Exercise brief: For the entries below, the expected answer is the line with "by (simp add: sum_subtractf)", the line with "by (simp add: S_def sum.distrib)", and every line between them, exactly as written, and nothing more.

──────── Material for this task

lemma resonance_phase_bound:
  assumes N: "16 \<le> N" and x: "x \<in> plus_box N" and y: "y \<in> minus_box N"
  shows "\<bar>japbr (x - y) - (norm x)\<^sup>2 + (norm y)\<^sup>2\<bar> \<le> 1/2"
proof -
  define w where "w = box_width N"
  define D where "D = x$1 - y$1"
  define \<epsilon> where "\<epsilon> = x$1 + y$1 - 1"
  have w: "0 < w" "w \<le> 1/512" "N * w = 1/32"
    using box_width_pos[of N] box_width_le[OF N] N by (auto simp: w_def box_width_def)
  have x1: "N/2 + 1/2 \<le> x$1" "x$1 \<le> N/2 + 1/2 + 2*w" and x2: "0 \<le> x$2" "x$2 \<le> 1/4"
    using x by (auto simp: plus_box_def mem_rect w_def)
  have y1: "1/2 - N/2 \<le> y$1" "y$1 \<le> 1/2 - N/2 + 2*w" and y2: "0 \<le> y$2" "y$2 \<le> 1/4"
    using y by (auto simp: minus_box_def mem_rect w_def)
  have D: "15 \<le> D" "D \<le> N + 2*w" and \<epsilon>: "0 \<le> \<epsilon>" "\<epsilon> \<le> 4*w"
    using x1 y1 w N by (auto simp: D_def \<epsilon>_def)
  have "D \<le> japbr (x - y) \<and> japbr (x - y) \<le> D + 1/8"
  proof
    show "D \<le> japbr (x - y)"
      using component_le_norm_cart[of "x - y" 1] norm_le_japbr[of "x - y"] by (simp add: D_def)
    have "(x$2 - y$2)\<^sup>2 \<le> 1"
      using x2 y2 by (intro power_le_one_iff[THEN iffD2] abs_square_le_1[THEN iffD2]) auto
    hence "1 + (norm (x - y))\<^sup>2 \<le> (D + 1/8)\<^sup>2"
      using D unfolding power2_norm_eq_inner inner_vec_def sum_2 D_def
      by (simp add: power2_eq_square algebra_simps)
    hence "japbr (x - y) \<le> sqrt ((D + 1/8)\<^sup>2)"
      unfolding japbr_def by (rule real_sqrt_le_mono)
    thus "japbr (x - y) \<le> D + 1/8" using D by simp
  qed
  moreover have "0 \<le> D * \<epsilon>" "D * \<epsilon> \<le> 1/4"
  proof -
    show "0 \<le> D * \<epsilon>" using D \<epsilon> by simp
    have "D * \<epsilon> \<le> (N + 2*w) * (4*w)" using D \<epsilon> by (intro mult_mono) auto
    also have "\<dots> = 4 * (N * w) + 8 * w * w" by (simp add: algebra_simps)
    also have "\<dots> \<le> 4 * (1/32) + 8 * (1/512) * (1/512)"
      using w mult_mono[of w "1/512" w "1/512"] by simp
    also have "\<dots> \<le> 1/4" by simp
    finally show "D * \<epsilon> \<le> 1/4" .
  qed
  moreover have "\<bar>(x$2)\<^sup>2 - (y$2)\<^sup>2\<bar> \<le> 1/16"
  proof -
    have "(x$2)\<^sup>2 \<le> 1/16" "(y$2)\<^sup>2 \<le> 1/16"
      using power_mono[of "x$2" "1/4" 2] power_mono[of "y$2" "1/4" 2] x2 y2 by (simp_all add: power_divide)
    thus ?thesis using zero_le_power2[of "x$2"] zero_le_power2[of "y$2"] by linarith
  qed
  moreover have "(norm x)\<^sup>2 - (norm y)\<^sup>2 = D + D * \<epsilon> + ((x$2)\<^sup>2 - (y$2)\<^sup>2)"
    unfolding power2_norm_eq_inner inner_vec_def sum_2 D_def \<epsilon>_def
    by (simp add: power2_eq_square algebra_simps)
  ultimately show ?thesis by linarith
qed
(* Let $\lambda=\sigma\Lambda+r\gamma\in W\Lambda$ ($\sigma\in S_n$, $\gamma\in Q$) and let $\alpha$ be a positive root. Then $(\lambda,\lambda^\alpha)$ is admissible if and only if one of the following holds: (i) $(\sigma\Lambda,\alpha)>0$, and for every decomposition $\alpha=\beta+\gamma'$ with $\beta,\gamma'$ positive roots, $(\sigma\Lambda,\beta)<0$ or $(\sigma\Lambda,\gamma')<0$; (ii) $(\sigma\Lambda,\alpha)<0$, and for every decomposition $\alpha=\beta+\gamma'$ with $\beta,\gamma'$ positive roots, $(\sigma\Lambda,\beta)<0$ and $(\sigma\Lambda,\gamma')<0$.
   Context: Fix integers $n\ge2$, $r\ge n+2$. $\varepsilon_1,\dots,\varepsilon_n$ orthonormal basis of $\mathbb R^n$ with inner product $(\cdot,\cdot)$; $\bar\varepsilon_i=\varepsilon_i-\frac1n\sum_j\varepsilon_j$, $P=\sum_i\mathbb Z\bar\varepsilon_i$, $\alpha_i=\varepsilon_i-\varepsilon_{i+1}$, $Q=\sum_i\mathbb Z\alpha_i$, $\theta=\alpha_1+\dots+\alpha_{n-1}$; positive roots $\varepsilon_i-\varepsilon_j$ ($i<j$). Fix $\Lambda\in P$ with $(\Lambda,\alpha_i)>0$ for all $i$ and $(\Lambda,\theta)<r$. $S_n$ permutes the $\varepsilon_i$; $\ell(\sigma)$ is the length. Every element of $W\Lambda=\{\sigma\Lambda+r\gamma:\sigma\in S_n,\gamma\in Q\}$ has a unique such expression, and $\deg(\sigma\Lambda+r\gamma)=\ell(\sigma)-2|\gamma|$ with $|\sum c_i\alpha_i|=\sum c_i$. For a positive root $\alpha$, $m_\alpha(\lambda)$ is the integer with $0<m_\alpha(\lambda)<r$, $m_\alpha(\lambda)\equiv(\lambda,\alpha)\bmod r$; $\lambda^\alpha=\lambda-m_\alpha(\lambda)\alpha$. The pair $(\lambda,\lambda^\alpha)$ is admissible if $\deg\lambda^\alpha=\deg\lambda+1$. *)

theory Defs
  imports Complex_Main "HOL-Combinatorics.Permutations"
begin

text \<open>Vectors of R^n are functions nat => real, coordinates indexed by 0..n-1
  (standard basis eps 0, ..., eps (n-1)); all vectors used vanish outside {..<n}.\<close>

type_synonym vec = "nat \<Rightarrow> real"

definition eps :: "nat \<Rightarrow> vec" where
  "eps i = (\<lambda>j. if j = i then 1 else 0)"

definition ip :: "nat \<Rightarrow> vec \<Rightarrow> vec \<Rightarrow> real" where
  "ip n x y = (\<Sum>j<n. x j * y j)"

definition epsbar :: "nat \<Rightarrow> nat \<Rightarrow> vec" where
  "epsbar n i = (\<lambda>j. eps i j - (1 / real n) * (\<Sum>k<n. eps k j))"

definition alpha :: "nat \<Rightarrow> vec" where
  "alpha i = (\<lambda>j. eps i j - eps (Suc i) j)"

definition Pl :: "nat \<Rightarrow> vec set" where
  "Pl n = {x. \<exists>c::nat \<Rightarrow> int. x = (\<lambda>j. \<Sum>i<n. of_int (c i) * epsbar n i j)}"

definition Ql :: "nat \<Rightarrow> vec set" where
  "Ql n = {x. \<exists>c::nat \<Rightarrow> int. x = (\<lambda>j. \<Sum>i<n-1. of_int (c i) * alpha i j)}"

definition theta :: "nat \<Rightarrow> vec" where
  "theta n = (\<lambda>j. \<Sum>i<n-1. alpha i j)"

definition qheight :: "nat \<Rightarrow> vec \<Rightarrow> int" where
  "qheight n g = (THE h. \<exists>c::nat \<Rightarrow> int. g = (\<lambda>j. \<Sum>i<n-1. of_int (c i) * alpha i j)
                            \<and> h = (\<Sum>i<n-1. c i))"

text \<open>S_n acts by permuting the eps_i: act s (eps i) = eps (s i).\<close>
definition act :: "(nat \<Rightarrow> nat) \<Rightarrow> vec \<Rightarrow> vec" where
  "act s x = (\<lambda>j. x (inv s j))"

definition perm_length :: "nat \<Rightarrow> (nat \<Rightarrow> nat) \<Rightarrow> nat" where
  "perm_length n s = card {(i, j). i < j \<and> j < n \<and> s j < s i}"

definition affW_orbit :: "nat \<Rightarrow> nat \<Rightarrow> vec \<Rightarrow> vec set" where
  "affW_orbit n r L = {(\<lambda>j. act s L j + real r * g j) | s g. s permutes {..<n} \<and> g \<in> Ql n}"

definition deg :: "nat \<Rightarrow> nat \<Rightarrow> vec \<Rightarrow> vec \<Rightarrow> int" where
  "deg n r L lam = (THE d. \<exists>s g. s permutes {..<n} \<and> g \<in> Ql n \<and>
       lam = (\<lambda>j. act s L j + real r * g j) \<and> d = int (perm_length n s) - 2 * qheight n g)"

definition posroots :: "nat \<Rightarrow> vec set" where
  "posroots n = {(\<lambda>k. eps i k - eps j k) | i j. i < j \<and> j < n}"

────────────────
──────── Material for this task

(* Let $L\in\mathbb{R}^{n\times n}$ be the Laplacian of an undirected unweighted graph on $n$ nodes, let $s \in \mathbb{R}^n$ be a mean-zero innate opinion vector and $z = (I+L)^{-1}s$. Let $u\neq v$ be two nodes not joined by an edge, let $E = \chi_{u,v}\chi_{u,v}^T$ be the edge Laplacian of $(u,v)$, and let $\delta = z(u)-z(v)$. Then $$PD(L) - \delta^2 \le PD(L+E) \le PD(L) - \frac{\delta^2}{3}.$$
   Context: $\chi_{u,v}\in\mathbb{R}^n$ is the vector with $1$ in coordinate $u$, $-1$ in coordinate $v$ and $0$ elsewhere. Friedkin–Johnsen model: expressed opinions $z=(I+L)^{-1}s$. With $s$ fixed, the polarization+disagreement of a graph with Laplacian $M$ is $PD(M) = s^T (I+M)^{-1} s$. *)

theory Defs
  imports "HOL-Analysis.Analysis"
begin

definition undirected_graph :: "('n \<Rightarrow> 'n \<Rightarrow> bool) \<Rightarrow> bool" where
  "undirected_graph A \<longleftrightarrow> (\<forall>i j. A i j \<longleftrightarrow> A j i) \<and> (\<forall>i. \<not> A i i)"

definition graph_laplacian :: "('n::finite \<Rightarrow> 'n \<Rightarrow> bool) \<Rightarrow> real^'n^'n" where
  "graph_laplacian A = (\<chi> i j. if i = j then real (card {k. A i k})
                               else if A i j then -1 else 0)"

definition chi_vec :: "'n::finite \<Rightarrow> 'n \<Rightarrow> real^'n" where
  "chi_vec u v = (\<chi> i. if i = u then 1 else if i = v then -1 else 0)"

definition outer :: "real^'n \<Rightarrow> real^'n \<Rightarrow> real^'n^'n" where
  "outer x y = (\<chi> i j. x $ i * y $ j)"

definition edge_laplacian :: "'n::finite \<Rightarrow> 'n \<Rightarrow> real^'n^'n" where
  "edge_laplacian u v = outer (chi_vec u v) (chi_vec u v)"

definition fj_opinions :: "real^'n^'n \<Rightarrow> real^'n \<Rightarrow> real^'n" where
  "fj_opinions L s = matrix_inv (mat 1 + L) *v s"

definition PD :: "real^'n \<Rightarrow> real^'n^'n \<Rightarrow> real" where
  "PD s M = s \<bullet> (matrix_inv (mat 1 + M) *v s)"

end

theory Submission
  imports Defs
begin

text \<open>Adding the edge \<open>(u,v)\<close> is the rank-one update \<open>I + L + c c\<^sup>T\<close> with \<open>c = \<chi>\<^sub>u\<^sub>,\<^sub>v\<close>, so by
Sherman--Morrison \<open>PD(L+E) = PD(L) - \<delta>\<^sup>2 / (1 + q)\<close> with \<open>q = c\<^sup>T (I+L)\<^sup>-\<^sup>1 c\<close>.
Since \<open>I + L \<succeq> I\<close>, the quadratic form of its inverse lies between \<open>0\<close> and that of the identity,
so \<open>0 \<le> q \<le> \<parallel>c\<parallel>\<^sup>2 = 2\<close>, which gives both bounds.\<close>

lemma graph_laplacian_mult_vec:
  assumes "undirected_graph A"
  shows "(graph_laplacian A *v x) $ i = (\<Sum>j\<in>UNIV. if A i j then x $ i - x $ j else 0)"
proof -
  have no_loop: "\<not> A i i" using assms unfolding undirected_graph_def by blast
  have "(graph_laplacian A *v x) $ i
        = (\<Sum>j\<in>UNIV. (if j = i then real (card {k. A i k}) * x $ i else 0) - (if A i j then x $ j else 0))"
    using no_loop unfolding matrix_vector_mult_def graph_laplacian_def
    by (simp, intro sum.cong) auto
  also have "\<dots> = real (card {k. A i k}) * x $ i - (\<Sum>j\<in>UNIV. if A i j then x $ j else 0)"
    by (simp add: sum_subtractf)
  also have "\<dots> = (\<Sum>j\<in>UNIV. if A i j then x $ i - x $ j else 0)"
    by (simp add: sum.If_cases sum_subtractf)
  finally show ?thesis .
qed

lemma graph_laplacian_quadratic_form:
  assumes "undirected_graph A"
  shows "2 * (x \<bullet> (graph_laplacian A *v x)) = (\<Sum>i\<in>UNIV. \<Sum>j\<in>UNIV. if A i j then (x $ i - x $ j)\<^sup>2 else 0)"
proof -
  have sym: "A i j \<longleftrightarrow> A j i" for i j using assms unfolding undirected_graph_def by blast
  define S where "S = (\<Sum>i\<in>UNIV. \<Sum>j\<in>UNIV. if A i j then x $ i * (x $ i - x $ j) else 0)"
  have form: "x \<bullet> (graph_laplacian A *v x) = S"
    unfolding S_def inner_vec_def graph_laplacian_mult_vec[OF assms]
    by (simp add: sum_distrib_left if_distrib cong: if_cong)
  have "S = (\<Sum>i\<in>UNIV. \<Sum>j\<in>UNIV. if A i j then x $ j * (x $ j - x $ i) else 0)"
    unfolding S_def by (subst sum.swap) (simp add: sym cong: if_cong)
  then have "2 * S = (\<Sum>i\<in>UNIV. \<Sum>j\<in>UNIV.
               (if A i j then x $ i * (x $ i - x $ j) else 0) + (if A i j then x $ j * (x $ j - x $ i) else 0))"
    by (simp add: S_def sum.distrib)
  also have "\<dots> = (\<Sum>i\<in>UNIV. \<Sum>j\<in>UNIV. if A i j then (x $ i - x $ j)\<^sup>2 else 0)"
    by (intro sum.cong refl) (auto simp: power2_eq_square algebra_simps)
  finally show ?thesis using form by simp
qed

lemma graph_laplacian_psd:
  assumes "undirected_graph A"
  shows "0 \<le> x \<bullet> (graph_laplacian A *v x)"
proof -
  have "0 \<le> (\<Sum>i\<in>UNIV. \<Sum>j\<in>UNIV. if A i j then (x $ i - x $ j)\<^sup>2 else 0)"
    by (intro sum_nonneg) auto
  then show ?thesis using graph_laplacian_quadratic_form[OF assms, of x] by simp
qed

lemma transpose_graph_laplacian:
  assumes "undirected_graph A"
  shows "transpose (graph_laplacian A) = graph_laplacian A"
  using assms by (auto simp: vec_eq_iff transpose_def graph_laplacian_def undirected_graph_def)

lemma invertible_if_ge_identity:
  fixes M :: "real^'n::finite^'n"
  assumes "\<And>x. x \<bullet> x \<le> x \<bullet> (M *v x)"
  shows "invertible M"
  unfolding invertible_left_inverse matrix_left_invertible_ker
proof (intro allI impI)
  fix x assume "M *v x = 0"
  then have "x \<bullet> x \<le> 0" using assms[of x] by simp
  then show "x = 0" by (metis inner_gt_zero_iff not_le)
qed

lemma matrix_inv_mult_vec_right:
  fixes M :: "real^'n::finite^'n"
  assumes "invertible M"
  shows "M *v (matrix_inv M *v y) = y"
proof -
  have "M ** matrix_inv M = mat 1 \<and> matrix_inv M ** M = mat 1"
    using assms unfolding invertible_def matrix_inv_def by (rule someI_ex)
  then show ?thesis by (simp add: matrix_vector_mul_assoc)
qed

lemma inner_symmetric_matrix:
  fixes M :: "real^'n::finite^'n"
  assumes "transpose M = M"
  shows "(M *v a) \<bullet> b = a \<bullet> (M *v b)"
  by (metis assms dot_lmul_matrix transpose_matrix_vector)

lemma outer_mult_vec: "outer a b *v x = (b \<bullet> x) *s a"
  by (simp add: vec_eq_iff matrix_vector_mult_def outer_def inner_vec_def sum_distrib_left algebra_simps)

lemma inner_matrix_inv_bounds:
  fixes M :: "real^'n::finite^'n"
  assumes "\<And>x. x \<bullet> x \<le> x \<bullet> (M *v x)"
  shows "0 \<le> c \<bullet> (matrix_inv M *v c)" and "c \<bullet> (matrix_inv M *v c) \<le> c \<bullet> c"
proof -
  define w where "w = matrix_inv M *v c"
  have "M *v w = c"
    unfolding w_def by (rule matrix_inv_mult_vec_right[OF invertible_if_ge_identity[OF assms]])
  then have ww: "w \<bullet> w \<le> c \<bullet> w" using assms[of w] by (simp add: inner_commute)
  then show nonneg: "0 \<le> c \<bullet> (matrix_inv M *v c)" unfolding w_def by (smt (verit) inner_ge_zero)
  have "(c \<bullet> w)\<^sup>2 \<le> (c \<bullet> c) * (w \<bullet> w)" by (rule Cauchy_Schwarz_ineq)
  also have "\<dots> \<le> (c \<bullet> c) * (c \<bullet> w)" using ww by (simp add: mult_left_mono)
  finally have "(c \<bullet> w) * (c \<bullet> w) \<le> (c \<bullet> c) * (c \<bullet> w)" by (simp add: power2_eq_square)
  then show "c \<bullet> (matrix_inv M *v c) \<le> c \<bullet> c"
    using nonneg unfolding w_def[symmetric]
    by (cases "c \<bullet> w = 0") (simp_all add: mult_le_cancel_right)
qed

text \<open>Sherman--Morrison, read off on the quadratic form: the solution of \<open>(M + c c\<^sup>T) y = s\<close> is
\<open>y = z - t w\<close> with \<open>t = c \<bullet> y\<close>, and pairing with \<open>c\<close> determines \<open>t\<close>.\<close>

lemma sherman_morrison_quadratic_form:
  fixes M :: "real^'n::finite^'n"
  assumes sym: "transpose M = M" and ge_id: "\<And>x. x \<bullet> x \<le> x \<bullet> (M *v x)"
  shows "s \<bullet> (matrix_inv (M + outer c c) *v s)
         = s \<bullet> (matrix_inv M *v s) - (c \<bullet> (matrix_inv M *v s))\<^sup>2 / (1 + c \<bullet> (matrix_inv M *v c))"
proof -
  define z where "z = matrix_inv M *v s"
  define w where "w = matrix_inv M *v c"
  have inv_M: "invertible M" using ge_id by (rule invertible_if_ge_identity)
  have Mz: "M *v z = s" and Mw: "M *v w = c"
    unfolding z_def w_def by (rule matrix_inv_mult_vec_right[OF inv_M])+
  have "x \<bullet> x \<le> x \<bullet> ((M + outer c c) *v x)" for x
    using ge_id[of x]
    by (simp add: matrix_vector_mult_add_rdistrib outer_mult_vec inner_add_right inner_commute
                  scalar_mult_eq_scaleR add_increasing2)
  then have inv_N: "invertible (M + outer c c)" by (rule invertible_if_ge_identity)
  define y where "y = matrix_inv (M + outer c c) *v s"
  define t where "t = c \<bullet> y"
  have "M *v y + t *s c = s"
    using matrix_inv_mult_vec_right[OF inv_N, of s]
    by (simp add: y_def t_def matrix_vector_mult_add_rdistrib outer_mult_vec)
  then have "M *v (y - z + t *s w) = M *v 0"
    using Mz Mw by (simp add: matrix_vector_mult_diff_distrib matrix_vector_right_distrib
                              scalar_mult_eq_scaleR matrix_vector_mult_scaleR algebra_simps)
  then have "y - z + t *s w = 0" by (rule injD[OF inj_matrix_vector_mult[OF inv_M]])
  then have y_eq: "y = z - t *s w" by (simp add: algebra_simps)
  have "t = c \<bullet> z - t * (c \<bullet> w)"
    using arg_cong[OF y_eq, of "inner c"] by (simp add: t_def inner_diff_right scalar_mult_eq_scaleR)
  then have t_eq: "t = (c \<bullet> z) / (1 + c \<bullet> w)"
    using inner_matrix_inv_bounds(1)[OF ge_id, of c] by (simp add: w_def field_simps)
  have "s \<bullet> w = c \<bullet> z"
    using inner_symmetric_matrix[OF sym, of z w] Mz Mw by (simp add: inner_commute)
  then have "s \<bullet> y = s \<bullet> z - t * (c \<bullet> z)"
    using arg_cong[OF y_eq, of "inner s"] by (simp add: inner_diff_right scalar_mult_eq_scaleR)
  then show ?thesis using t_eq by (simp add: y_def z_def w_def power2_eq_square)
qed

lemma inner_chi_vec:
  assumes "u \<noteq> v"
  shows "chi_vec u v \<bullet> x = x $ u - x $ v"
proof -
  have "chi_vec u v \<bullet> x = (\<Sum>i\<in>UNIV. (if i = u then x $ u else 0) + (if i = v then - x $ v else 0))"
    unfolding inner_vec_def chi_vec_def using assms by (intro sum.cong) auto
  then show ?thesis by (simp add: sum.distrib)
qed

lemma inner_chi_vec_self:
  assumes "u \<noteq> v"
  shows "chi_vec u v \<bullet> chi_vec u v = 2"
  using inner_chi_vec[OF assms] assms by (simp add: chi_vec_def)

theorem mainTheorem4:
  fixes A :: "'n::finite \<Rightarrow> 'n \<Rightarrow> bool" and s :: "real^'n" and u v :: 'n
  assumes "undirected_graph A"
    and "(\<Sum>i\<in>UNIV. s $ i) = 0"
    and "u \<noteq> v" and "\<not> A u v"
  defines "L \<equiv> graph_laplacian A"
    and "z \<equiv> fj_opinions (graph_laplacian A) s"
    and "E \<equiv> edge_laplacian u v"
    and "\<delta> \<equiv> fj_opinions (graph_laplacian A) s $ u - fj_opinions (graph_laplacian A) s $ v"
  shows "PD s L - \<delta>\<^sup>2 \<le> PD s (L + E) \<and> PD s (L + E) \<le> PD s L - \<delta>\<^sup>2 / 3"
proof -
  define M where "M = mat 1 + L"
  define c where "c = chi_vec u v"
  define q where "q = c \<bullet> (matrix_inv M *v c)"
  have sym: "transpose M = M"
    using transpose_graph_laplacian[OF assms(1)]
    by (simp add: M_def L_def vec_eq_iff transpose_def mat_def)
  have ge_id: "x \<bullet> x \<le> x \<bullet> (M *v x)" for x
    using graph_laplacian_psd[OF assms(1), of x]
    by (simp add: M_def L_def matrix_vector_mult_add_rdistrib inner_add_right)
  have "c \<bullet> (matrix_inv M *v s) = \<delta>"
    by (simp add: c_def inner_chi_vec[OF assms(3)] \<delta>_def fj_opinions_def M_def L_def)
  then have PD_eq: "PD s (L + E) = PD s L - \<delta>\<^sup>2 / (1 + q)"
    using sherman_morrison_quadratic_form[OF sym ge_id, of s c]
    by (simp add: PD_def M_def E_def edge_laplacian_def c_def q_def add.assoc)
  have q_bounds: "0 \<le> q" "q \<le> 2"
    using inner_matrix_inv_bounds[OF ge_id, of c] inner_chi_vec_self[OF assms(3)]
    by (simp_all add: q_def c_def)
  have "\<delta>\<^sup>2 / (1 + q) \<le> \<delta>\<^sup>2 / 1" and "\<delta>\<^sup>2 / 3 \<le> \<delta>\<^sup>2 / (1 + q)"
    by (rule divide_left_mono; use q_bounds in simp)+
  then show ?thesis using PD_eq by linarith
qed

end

────────────────

Result of the task:
    by (simp add: sum_subtractf)
  also have "\<dots> = (\<Sum>j\<in>UNIV. if A i j then x $ i - x $ j else 0)"
    by (simp add: sum.If_cases sum_subtractf)
  finally show ?thesis .
qed

lemma graph_laplacian_quadratic_form:
  assumes "undirected_graph A"
  shows "2 * (x \<bullet> (graph_laplacian A *v x)) = (\<Sum>i\<in>UNIV. \<Sum>j\<in>UNIV. if A i j then (x $ i - x $ j)\<^sup>2 else 0)"
proof -
  have sym: "A i j \<longleftrightarrow> A j i" for i j using assms unfolding undirected_graph_def by blast
  define S where "S = (\<Sum>i\<in>UNIV. \<Sum>j\<in>UNIV. if A i j then x $ i * (x $ i - x $ j) else 0)"
  have form: "x \<bullet> (graph_laplacian A *v x) = S"
    unfolding S_def inner_vec_def graph_laplacian_mult_vec[OF assms]
    by (simp add: sum_distrib_left if_distrib cong: if_cong)
  have "S = (\<Sum>i\<in>UNIV. \<Sum>j\<in>UNIV. if A i j then x $ j * (x $ j - x $ i) else 0)"
    unfolding S_def by (subst sum.swap) (simp add: sym cong: if_cong)
  then have "2 * S = (\<Sum>i\<in>UNIV. \<Sum>j\<in>UNIV.
               (if A i j then x $ i * (x $ i - x $ j) else 0) + (if A i j then x $ j * (x $ j - x $ i) else 0))"
    by (simp add: S_def sum.distrib)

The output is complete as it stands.